Continuing the Review of “Apollo’s Fire”

Reviewed by John Rawlins

John Rawlins has a B.S. in physics and a Ph.D. in nuclear physics. He retired in 1995 from the Westinghouse Hanford Co. at the Hanford site in Eastern Washington. Currently, he teaches physics and astronomy at Whatcom Community College.

Part 3

Rewarding Renewables and Carbon-Free Electricity

The strategy pursued in this section is twofold: introduction of new renewable energy technology, and reduction of carbon emissions from the usual energy sources (fossil fuel burning electrical generation). I do agree with this strategy, again pursuant to a requirement that new renewable energy technologies be sustainable, do not displace food crops and have decent energy return on energy invested (EroEI).

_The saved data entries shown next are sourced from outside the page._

(* Let $X$ be a real Banach space whose norm is Fréchet differentiable. Then an element $x\in\ell^1(X)$ is a right symmetric point of $\ell^1(X)$ if and only if there is an index $n$ such that $x_k=0$ for all $k\neq n$ and $x_n$ is a right symmetric point of $X$, i.e. $x=(0,\dots,0,x_n,0,\dots)$ with $x_n$ right symmetric in $X$.
   Context: $\ell^1(X)$ is the space of sequences $(x_n)_{n\in\mathbb{N}}$ in $X$ with $\|(x_n)\|=\sum_n\|x_n\|<\infty$. In a real normed space $Y$, $x\perp_{BJ}y$ means $\|x+\lambda y\|\ge\|x\|$ for all $\lambda\in\mathbb{R}$; $x$ is a right symmetric point if $y\perp_{BJ}x$ implies $x\perp_{BJ}y$ for all $y\in Y$. The norm of $X$ is Fréchet differentiable if for every non-zero $x$ there is $\varphi\in X^*$ with $\lim_{h\to0}\big|\|x+h\|-\|x\|-\varphi(h)\big|/\|h\|=0$. *)

theory Defs
  imports "HOL-Analysis.Analysis"
begin

definition bj_orth :: "'a::real_normed_vector \<Rightarrow> 'a \<Rightarrow> bool" where
  "bj_orth x y \<longleftrightarrow> (\<forall>t::real. norm (x + t *\<^sub>R y) \<ge> norm x)"

definition right_symmetric :: "'a::real_normed_vector \<Rightarrow> bool" where
  "right_symmetric x \<longleftrightarrow> (\<forall>y. bj_orth y x \<longrightarrow> bj_orth x y)"

definition frechet_smooth_norm :: "'a::real_normed_vector itself \<Rightarrow> bool" where
  "frechet_smooth_norm _ \<longleftrightarrow>
     (\<forall>x::'a. x \<noteq> 0 \<longrightarrow> (\<exists>\<phi>. (norm has_derivative \<phi>) (at x)))"

definition l1 :: "(nat \<Rightarrow> 'a::real_normed_vector) set" where
  "l1 = {f. summable (\<lambda>n. norm (f n))}"

definition l1_norm :: "(nat \<Rightarrow> 'a::real_normed_vector) \<Rightarrow> real" where
  "l1_norm f = (\<Sum>n. norm (f n))"

definition l1_bj_orth :: "(nat \<Rightarrow> 'a::real_normed_vector) \<Rightarrow> (nat \<Rightarrow> 'a) \<Rightarrow> bool" where
  "l1_bj_orth f g \<longleftrightarrow> (\<forall>t::real. l1_norm (\<lambda>n. f n + t *\<^sub>R g n) \<ge> l1_norm f)"

definition l1_right_symmetric :: "(nat \<Rightarrow> 'a::real_normed_vector) \<Rightarrow> bool" where
  "l1_right_symmetric f \<longleftrightarrow> (\<forall>g\<in>l1. l1_bj_orth g f \<longrightarrow> l1_bj_orth f g)"

end

theory Submission
  imports Defs
begin

text \<open>The norm of \<open>\<ell>\<^sup>1(X)\<close> is a sum of coordinate norms, so changing one coordinate changes
  it by the difference of the two coordinate norms. For \<open>x\<close> supported at a single index \<open>n\<close>
  this reduces orthogonality to the \<open>n\<close>-th coordinate: \<open>g \<perp> x\<close> iff \<open>g\<^sub>n \<perp> x\<^sub>n\<close>, and
  \<open>x\<^sub>n \<perp> g\<^sub>n\<close> already forces \<open>x \<perp> g\<close>, which yields the equivalence for such \<open>x\<close>.
  If \<open>x\<close> has two non-zero coordinates \<open>m \<noteq> n\<close> with \<open>\<parallel>x\<^sub>m\<parallel> \<le> \<parallel>x\<^sub>n\<parallel>\<close>, then \<open>g = x\<^sub>m e\<^sub>m\<close>
  satisfies \<open>g \<perp> x\<close>, because the mass of \<open>x\<close> off \<open>m\<close> is at least \<open>\<parallel>x\<^sub>m\<parallel>\<close>, whereas
  \<open>x \<perp> g\<close> would make \<open>x\<^sub>m\<close> orthogonal to itself.\<close>

lemma sums_modify_at:
  fixes f h :: "nat \<Rightarrow> real"
  assumes "summable f" and "\<And>k. k \<noteq> m \<Longrightarrow> h k = f k"
  shows "h sums (suminf f - f m + h m)"
proof -
  have "(\<lambda>k. f k + (if k = m then h m - f m else 0)) = h"
    using assms(2) by (auto simp: fun_eq_iff)
  moreover have "(\<lambda>k. f k + (if k = m then h m - f m else 0)) sums (suminf f + (h m - f m))"
    using sums_add[OF summable_sums[OF assms(1)] sums_single[of m "\<lambda>_. h m - f m"]] by simp
  ultimately show ?thesis
    by (simp add: algebra_simps)
qed

lemma l1_norm_modify_at:
  fixes f h :: "nat \<Rightarrow> 'a::real_normed_vector"
  assumes "f \<in> l1" and "\<And>k. k \<noteq> m \<Longrightarrow> h k = f k"
  shows "h \<in> l1" and "l1_norm h = l1_norm f - norm (f m) + norm (h m)"
proof -
  have "(\<lambda>k. norm (h k)) sums (l1_norm f - norm (f m) + norm (h m))"
    using sums_modify_at[of "\<lambda>k. norm (f k)" m "\<lambda>k. norm (h k)"] assms unfolding l1_def l1_norm_def by simp
  then show "h \<in> l1" and "l1_norm h = l1_norm f - norm (f m) + norm (h m)"
    by (auto simp: l1_def l1_norm_def sums_iff)
qed

lemma l1_zero: "(\<lambda>_. 0) \<in> l1" and l1_norm_zero: "l1_norm (\<lambda>_. 0) = 0"
  by (simp_all add: l1_def l1_norm_def)

lemma l1_scaleR: "f \<in> l1 \<Longrightarrow> (\<lambda>k. c *\<^sub>R f k) \<in> l1"
  and l1_norm_scaleR: "f \<in> l1 \<Longrightarrow> l1_norm (\<lambda>k. c *\<^sub>R f k) = \<bar>c\<bar> * l1_norm f"
  by (simp_all add: l1_def l1_norm_def summable_mult suminf_mult)

lemma
  fixes f :: "nat \<Rightarrow> 'a::real_normed_vector"
  assumes "\<And>k. k \<noteq> n \<Longrightarrow> f k = 0"
  shows l1_concentrated: "f \<in> l1"
    and l1_norm_concentrated: "l1_norm f = norm (f n)"
  using l1_norm_modify_at[OF l1_zero, of n f] assms by (simp_all add: l1_norm_zero)

lemma norm_add_norm_le_l1_norm:
  fixes f :: "nat \<Rightarrow> 'a::real_normed_vector"
  assumes "f \<in> l1" and "m \<noteq> n"
  shows "norm (f m) + norm (f n) \<le> l1_norm f"
  using sum_le_suminf[of "\<lambda>k. norm (f k)" "{m, n}"] assms
  by (simp add: l1_def l1_norm_def)

lemma norm_le_l1_norm:
  fixes f :: "nat \<Rightarrow> 'a::real_normed_vector"
  assumes "f \<in> l1"
  shows "norm (f n) \<le> l1_norm f"
  using sum_le_suminf[of "\<lambda>k. norm (f k)" "{n}"] assms
  by (simp add: l1_def l1_norm_def)

lemma bj_orth_self_iff: "bj_orth x x \<longleftrightarrow> x = 0"
proof
  assume "bj_orth x x"
  then have "norm x \<le> norm (x + (-1) *\<^sub>R x)"
    unfolding bj_orth_def by blast
  then show "x = 0" by simp
qed (simp add: bj_orth_def)

lemma l1_bj_orth_concentrated_iff:
  fixes g x :: "nat \<Rightarrow> 'a::real_normed_vector"
  assumes "g \<in> l1" and x: "\<And>k. k \<noteq> n \<Longrightarrow> x k = 0"
  shows "l1_bj_orth g x \<longleftrightarrow> bj_orth (g n) (x n)"
proof -
  have "l1_norm (\<lambda>k. g k + t *\<^sub>R x k) = l1_norm g - norm (g n) + norm (g n + t *\<^sub>R x n)"
    for t :: real
    using l1_norm_modify_at(2)[OF assms(1), of n "\<lambda>k. g k + t *\<^sub>R x k"] x by simp
  then show ?thesis
    unfolding l1_bj_orth_def bj_orth_def by auto
qed

lemma l1_bj_orth_concentrated:
  fixes g x :: "nat \<Rightarrow> 'a::real_normed_vector"
  assumes "g \<in> l1" and x: "\<And>k. k \<noteq> n \<Longrightarrow> x k = 0"
    and "bj_orth (x n) (g n)"
  shows "l1_bj_orth x g"
  unfolding l1_bj_orth_def
proof
  fix t :: real
  have "l1_norm (\<lambda>k. x k + t *\<^sub>R g k)
      = \<bar>t\<bar> * l1_norm g - norm (t *\<^sub>R g n) + norm (x n + t *\<^sub>R g n)"
    using l1_norm_modify_at(2)[OF l1_scaleR[OF assms(1), where c = t], of n "\<lambda>k. x k + t *\<^sub>R g k"] x
    by (simp add: l1_norm_scaleR[OF assms(1)])
  also have "\<dots> \<ge> norm (x n + t *\<^sub>R g n)"
    using mult_left_mono[OF norm_le_l1_norm[OF assms(1), of n], of "\<bar>t\<bar>"] by simp
  moreover have "norm (x n + t *\<^sub>R g n) \<ge> l1_norm x"
    using assms(3) l1_norm_concentrated[OF x] by (simp add: bj_orth_def)
  ultimately show "l1_norm x \<le> l1_norm (\<lambda>k. x k + t *\<^sub>R g k)" by linarith
qed

lemma l1_right_symmetric_concentrated_iff:
  fixes x :: "nat \<Rightarrow> 'a::real_normed_vector"
  assumes x: "\<And>k. k \<noteq> n \<Longrightarrow> x k = 0"
  shows "l1_right_symmetric x \<longleftrightarrow> right_symmetric (x n)"
proof
  assume rs: "l1_right_symmetric x"
  show "right_symmetric (x n)"
    unfolding right_symmetric_def
  proof (intro allI impI)
    fix y
    assume "bj_orth y (x n)"
    define g where "g = (\<lambda>k. if k = n then y else 0)"
    have g: "\<And>k. k \<noteq> n \<Longrightarrow> g k = 0" by (simp add: g_def)
    have "l1_bj_orth g x"
      using \<open>bj_orth y (x n)\<close> l1_bj_orth_concentrated_iff[OF l1_concentrated[OF g] x]
      by (simp add: g_def)
    then have "l1_bj_orth x g"
      using rs l1_concentrated[OF g] by (simp add: l1_right_symmetric_def)
    then show "bj_orth (x n) y"
      using l1_bj_orth_concentrated_iff[OF l1_concentrated[OF x] g] by (simp add: g_def)
  qed
next
  assume "right_symmetric (x n)"
  then show "l1_right_symmetric x"
    unfolding l1_right_symmetric_def
    using l1_bj_orth_concentrated_iff[OF _ x] l1_bj_orth_concentrated[OF _ x]
    by (auto simp: right_symmetric_def)
qed

lemma not_l1_right_symmetric_two_coordinates:
  fixes x :: "nat \<Rightarrow> 'a::real_normed_vector"
  assumes "x \<in> l1" and "m \<noteq> n" and "x m \<noteq> 0" and "norm (x m) \<le> norm (x n)"
  shows "\<not> l1_right_symmetric x"
proof
  assume rs: "l1_right_symmetric x"
  define g where "g = (\<lambda>k. if k = m then x m else 0)"
  have g: "\<And>k. k \<noteq> m \<Longrightarrow> g k = 0" by (simp add: g_def)
  have "l1_bj_orth g x"
    unfolding l1_bj_orth_def
  proof
    fix t :: real
    have "x m + t *\<^sub>R x m = (1 + t) *\<^sub>R x m"
      by (simp add: scaleR_add_left)
    then have "norm (x m + t *\<^sub>R x m) = \<bar>1 + t\<bar> * norm (x m)"
      by simp
    then have "l1_norm (\<lambda>k. g k + t *\<^sub>R x k)
        = \<bar>t\<bar> * (l1_norm x - norm (x m)) + \<bar>1 + t\<bar> * norm (x m)"
      using l1_norm_modify_at(2)[OF l1_scaleR[OF assms(1), where c = t], of m "\<lambda>k. g k + t *\<^sub>R x k"]
      by (simp add: g_def l1_norm_scaleR[OF assms(1)] algebra_simps)
    moreover have "\<bar>t\<bar> * norm (x m) \<le> \<bar>t\<bar> * (l1_norm x - norm (x m))"
      using norm_add_norm_le_l1_norm[OF assms(1,2)] assms(4) by (intro mult_left_mono) auto
    moreover have "norm (x m) \<le> (\<bar>t\<bar> + \<bar>1 + t\<bar>) * norm (x m)"
      using mult_right_mono[of 1 "\<bar>t\<bar> + \<bar>1 + t\<bar>" "norm (x m)"] by simp
    ultimately show "l1_norm g \<le> l1_norm (\<lambda>k. g k + t *\<^sub>R x k)"
      using l1_norm_concentrated[OF g] by (simp add: g_def algebra_simps)
  qed
  then have "l1_bj_orth x g"
    using rs l1_concentrated[OF g] by (simp add: l1_right_symmetric_def)
  then have "bj_orth (x m) (x m)"
    using l1_bj_orth_concentrated_iff[OF assms(1) g] by (simp add: g_def)
  with \<open>x m \<noteq> 0\<close> show False by (simp add: bj_orth_self_iff)
qed

lemma l1_right_symmetric_imp_concentrated:
  fixes x :: "nat \<Rightarrow> 'a::real_normed_vector"
  assumes "x \<in> l1" and "l1_right_symmetric x"
  shows "\<exists>n. \<forall>k. k \<noteq> n \<longrightarrow> x k = 0"
proof (rule ccontr)
  assume "\<nexists>n. \<forall>k. k \<noteq> n \<longrightarrow> x k = 0"
  then obtain m n where "m \<noteq> n" "x m \<noteq> 0" "x n \<noteq> 0"
    by metis
  then show False
    using not_l1_right_symmetric_two_coordinates[OF assms(1), of m n]
      not_l1_right_symmetric_two_coordinates[OF assms(1), of n m] assms(2)
    by (cases "norm (x m) \<le> norm (x n)") auto
qed

theorem corollary3p12:
  fixes x :: "nat \<Rightarrow> 'a::banach"
  assumes "frechet_smooth_norm TYPE('a)"
    and "x \<in> l1"
  shows "l1_right_symmetric x \<longleftrightarrow>
           (\<exists>n. (\<forall>k. k \<noteq> n \<longrightarrow> x k = 0) \<and> right_symmetric (x n))"
  using l1_right_symmetric_imp_concentrated[OF assms(2)] l1_right_symmetric_concentrated_iff
  by metis

end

I am, however, skeptical about carbon sequestration from fossil fuel plants after reading several highly negative articles about the status and prospects of that technology.

The first detailed proposal in this section is to establish an aggressive goal for renewable energy production — and the authors use 25 percent of all energy to come from renewable sources by 2025.

Rather than set a percentage figure, I would argue for an absolute number instead, for the following reason: given that natural gas is now in decline, that oil consumption is expected to decline from now on, and that coal may also continue to decline in energy produced from coal, these fossil fuel sources combined could decline by 20-40 percent by 2025. Since we will need all the total energy possible by then, it makes more sense to set quantitative goals — such as perhaps 25 percent of today’s total energy use.

The second proposal is to extend the production tax credit and other incentives for deploying renewables. I agree totally with this and advocate that the time-frame be set irrevocably at 30 years instead of the two-year intervals Congress does currently.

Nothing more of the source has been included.